--- Task brief ---
The number of lines holding "rule" is all you should give; count them in the records below.

--- Source data ---
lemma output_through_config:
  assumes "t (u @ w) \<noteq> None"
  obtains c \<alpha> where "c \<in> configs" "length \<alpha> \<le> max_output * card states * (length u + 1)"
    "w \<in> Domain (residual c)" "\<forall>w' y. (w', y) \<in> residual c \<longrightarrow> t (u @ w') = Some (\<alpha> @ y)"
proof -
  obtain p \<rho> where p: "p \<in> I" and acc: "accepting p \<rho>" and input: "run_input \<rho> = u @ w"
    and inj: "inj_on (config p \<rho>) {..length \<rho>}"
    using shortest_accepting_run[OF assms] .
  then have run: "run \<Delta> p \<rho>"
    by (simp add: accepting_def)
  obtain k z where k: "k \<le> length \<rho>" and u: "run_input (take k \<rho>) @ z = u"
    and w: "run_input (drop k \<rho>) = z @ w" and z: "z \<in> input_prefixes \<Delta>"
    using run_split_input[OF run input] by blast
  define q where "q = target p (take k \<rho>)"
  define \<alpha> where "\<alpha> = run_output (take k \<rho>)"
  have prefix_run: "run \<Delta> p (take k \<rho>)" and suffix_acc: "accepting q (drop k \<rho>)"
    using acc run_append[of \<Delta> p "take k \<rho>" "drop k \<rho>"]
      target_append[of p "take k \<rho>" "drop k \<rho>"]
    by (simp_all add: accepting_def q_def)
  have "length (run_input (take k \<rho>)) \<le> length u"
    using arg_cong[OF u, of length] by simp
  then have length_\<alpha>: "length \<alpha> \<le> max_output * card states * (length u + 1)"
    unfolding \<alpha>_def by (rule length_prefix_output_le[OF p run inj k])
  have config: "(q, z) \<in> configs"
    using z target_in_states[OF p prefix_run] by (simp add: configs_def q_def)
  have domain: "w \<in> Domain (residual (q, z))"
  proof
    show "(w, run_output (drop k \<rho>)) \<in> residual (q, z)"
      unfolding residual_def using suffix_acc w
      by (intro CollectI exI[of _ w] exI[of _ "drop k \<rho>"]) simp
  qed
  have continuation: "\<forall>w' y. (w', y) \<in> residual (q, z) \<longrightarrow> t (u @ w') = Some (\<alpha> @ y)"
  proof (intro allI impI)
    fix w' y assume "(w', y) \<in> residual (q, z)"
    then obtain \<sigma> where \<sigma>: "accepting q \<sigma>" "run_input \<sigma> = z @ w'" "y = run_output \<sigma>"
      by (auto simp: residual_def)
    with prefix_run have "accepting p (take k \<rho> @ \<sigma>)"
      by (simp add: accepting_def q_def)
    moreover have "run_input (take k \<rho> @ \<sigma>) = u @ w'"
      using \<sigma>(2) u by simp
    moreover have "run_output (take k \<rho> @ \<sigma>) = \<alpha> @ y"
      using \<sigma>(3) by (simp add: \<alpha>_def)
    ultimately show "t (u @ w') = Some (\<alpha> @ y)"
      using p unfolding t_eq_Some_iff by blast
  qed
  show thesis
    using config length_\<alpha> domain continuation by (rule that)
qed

--- Solution ---
2